* Task goal
From the listing below, copy only the lines running from the line that contains "n = \<rho> * W" to the line that contains "by (metis (no_types, lifting)", both included.

=====

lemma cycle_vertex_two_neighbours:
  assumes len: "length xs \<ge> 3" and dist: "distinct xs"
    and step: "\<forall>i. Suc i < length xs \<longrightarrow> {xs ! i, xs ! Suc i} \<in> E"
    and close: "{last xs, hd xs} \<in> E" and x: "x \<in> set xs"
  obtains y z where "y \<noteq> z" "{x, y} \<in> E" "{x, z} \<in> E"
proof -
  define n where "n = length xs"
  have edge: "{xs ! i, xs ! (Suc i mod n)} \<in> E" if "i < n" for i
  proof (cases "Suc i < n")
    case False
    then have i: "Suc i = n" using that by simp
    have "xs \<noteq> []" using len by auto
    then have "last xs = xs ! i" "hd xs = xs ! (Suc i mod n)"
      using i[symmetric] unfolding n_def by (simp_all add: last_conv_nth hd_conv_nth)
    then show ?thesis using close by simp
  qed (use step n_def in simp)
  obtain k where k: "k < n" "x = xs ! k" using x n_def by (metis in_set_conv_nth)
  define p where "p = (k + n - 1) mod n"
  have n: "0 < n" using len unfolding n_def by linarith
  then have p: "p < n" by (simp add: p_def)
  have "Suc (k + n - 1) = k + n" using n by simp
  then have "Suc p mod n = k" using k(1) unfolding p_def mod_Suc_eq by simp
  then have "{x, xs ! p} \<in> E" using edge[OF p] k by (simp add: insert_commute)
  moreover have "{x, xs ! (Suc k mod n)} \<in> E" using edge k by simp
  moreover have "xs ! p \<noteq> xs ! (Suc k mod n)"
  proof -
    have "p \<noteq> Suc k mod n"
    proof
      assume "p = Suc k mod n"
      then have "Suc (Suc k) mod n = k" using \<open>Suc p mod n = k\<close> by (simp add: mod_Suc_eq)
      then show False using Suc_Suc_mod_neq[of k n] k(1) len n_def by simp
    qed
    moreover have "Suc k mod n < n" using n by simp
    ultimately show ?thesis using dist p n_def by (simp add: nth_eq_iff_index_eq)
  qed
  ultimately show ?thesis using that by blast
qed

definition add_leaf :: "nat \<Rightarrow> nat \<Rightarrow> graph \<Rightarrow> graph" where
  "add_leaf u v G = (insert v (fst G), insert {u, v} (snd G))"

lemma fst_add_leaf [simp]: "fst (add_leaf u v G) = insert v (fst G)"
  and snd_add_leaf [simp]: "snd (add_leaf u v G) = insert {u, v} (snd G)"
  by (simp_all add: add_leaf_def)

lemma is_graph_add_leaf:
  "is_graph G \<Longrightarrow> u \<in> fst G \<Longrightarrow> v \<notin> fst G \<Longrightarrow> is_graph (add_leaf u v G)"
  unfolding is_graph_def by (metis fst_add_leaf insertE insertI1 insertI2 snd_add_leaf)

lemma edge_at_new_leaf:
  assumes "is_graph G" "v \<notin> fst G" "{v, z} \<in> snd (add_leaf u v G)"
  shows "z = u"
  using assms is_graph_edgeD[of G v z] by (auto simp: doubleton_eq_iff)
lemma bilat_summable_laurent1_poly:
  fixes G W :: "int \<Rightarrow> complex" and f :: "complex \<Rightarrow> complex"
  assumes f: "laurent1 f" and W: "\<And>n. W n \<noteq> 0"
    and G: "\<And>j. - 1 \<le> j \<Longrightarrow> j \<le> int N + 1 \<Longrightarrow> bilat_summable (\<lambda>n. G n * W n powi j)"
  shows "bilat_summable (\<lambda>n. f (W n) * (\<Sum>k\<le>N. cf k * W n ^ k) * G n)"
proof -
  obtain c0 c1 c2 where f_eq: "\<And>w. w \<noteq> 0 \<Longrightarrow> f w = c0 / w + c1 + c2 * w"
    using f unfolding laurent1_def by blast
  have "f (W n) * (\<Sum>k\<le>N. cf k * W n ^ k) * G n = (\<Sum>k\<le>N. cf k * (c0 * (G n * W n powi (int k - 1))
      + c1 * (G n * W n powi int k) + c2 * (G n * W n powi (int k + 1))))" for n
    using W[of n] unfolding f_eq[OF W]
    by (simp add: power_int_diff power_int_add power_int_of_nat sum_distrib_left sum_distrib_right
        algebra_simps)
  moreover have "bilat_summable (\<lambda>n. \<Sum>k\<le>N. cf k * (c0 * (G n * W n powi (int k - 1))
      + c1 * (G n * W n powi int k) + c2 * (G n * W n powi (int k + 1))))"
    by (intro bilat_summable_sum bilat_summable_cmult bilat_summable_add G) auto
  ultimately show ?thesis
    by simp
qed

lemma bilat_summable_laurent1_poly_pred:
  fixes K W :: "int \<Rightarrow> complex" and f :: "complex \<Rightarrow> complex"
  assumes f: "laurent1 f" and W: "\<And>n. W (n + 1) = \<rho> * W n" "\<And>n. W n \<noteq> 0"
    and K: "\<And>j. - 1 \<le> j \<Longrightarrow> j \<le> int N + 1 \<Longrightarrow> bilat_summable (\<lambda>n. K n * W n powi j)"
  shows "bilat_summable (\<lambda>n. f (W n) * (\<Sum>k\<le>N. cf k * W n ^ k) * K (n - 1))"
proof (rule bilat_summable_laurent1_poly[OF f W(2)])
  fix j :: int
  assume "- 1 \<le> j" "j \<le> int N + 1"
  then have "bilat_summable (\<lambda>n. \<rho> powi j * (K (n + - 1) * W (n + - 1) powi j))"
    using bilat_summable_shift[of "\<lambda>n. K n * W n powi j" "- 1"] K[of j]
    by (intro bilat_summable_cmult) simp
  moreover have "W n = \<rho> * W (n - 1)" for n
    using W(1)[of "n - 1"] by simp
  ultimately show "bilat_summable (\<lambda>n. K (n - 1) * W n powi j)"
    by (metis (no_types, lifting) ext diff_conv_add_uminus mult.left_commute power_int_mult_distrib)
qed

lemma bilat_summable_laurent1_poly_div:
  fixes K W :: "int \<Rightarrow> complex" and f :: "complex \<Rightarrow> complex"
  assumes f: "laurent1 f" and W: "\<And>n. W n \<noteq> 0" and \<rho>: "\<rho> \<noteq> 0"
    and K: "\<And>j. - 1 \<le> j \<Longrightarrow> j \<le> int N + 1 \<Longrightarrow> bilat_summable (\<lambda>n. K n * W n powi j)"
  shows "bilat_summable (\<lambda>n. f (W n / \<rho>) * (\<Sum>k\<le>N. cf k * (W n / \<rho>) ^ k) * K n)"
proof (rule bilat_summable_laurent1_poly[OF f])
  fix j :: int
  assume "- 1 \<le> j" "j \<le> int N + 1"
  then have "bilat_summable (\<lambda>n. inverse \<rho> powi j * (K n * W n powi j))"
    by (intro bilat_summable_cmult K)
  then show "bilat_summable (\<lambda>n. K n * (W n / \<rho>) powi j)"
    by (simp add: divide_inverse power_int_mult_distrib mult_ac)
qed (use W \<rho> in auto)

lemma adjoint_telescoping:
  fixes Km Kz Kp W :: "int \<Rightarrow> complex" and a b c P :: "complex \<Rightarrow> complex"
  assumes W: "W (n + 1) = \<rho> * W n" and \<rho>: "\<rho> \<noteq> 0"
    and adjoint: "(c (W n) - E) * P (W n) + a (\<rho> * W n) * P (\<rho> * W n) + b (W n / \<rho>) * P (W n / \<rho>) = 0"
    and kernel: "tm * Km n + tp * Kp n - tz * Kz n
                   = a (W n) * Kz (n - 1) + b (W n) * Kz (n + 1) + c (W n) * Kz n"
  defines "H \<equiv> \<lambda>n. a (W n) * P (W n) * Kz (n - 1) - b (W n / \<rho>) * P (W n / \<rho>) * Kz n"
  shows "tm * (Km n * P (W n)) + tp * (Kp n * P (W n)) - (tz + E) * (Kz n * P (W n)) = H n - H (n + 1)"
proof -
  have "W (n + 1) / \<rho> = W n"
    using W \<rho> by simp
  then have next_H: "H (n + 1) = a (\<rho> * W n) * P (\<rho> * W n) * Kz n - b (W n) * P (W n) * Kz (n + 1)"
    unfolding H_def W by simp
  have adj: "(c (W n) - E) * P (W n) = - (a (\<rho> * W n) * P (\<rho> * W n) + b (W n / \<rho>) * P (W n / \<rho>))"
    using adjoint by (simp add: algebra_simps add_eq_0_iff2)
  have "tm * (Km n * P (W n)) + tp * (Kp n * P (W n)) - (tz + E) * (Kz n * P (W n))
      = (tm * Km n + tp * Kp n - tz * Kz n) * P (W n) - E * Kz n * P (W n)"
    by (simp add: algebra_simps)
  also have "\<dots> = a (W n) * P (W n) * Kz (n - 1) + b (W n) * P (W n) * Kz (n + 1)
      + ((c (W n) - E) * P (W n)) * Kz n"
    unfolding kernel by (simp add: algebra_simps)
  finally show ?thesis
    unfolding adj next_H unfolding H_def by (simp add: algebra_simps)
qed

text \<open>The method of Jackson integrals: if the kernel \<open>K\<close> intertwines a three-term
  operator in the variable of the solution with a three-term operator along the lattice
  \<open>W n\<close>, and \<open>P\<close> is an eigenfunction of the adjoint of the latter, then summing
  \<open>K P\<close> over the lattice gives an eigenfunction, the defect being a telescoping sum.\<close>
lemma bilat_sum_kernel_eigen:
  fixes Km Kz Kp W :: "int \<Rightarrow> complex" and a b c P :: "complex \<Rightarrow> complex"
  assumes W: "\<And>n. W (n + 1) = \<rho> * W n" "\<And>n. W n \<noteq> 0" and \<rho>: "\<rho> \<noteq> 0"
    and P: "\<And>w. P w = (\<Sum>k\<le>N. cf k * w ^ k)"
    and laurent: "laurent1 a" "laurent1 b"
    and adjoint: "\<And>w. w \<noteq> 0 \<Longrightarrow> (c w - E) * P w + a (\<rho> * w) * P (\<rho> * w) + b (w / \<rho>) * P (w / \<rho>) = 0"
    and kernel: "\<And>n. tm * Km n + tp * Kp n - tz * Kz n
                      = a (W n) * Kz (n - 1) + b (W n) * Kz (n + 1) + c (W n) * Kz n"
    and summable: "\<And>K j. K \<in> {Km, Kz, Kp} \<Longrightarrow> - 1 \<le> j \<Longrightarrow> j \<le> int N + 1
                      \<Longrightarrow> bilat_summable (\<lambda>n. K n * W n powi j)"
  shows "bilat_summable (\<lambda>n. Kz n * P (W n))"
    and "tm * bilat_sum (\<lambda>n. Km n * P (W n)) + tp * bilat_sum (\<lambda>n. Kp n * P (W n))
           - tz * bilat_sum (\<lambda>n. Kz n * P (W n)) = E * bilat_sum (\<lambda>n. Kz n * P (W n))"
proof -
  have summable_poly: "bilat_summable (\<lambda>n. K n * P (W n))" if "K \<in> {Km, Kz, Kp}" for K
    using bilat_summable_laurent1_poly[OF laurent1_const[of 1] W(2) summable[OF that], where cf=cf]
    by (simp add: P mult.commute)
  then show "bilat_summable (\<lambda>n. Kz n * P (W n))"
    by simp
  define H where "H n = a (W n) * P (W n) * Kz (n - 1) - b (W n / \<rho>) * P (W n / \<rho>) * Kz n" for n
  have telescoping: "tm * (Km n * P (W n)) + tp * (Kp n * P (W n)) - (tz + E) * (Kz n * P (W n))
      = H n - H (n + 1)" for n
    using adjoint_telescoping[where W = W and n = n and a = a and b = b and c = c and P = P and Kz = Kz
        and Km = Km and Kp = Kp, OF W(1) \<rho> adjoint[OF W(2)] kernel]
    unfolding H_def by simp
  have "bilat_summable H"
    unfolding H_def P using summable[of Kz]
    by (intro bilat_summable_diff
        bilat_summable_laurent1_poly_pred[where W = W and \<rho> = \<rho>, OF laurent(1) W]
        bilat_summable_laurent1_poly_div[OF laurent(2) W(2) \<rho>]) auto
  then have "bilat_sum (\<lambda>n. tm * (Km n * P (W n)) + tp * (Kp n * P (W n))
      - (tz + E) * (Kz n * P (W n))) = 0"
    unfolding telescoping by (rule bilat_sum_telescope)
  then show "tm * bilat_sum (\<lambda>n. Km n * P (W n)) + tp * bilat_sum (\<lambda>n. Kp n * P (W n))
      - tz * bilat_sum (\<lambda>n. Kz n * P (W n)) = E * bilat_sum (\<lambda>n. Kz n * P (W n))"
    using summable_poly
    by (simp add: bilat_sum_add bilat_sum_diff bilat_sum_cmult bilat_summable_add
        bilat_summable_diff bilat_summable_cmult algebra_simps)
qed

=====

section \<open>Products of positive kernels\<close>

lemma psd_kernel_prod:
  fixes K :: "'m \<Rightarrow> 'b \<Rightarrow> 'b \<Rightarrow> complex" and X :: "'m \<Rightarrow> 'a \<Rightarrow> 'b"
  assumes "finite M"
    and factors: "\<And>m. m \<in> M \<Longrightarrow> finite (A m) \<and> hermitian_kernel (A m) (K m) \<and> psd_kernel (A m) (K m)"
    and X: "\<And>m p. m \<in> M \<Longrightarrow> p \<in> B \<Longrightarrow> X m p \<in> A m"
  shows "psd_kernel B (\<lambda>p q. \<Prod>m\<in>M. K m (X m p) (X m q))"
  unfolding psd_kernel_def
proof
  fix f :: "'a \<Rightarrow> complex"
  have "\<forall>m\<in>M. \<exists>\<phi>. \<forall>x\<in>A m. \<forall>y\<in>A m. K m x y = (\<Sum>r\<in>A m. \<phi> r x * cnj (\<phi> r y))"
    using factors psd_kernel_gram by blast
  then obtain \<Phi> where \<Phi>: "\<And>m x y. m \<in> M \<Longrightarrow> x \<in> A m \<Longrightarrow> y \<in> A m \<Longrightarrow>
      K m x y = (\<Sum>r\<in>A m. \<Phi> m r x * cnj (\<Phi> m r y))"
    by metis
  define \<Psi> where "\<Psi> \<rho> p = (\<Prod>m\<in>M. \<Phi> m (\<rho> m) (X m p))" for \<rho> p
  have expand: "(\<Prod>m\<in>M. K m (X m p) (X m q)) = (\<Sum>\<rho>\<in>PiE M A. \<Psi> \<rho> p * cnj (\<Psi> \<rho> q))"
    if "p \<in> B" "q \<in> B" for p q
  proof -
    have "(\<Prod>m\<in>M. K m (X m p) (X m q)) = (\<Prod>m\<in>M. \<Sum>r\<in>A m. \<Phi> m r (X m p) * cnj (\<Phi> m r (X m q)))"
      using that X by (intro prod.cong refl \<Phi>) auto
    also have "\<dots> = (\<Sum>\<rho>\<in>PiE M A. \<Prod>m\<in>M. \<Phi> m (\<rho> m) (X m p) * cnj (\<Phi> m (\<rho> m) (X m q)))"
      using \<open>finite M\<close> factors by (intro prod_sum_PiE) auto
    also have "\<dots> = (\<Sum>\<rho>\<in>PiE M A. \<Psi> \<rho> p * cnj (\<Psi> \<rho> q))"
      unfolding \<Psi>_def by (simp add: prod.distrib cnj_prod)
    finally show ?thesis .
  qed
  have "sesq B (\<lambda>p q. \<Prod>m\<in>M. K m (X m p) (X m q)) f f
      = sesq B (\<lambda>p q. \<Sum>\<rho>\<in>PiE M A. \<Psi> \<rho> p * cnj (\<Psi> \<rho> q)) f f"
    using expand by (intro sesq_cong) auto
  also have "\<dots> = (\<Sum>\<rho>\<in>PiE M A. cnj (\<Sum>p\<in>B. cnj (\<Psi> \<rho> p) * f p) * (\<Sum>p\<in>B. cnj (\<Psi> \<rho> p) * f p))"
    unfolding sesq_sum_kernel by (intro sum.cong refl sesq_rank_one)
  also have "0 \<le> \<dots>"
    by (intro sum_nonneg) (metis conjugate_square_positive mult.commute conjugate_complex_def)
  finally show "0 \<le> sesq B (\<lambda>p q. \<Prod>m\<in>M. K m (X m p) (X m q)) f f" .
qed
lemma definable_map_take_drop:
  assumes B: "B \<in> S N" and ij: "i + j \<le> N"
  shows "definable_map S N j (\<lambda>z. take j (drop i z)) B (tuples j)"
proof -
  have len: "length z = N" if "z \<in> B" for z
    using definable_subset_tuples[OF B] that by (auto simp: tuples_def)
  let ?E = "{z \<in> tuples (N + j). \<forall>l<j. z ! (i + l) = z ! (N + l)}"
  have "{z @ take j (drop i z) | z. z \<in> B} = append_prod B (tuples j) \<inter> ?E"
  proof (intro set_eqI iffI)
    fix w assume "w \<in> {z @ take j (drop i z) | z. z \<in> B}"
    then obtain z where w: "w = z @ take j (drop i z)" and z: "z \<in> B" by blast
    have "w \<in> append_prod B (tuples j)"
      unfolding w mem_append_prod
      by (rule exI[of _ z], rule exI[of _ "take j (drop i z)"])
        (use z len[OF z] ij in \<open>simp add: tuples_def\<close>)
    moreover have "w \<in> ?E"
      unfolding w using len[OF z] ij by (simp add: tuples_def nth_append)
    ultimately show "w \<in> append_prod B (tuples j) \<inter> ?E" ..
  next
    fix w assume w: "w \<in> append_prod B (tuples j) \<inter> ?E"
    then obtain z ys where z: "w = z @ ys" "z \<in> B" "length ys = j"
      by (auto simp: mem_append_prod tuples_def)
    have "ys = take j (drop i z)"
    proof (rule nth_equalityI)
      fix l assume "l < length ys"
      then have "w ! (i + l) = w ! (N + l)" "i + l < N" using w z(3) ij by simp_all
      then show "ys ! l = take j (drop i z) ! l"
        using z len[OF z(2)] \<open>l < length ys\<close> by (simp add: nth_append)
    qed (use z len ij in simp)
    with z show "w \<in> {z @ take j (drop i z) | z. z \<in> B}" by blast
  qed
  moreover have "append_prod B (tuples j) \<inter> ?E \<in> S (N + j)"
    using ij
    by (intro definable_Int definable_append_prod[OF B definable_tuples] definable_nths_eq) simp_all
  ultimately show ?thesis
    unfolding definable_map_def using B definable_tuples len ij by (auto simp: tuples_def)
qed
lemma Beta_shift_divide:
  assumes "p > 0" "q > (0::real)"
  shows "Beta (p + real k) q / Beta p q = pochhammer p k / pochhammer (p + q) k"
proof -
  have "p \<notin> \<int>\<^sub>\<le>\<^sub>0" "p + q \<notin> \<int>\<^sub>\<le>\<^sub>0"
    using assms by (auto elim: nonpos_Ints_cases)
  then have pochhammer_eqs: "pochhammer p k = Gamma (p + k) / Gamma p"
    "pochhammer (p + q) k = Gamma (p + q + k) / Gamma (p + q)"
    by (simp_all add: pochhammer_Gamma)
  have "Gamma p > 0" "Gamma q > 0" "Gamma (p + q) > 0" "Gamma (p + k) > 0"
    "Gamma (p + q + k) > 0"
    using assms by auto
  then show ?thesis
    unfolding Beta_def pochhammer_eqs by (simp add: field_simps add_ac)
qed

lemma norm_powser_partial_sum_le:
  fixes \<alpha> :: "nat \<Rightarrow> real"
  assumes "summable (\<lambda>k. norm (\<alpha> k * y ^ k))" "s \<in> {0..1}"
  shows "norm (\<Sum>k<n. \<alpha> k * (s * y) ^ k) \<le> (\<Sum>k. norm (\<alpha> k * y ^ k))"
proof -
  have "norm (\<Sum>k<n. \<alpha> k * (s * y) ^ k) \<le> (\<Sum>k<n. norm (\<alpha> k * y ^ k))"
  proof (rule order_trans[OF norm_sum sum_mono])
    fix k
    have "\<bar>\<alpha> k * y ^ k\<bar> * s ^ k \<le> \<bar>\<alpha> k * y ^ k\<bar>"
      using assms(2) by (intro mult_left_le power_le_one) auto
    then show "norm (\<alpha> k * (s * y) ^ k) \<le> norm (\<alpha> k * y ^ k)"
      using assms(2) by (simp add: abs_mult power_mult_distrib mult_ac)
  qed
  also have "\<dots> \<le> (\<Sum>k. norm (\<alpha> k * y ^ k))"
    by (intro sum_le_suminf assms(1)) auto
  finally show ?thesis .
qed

=====

* Answer space
  moreover have "W n = \<rho> * W (n - 1)" for n
    using W(1)[of "n - 1"] by simp
  ultimately show "bilat_summable (\<lambda>n. K (n - 1) * W n powi j)"
    by (metis (no_types, lifting) ext diff_conv_add_uminus mult.left_commute power_int_mult_distrib)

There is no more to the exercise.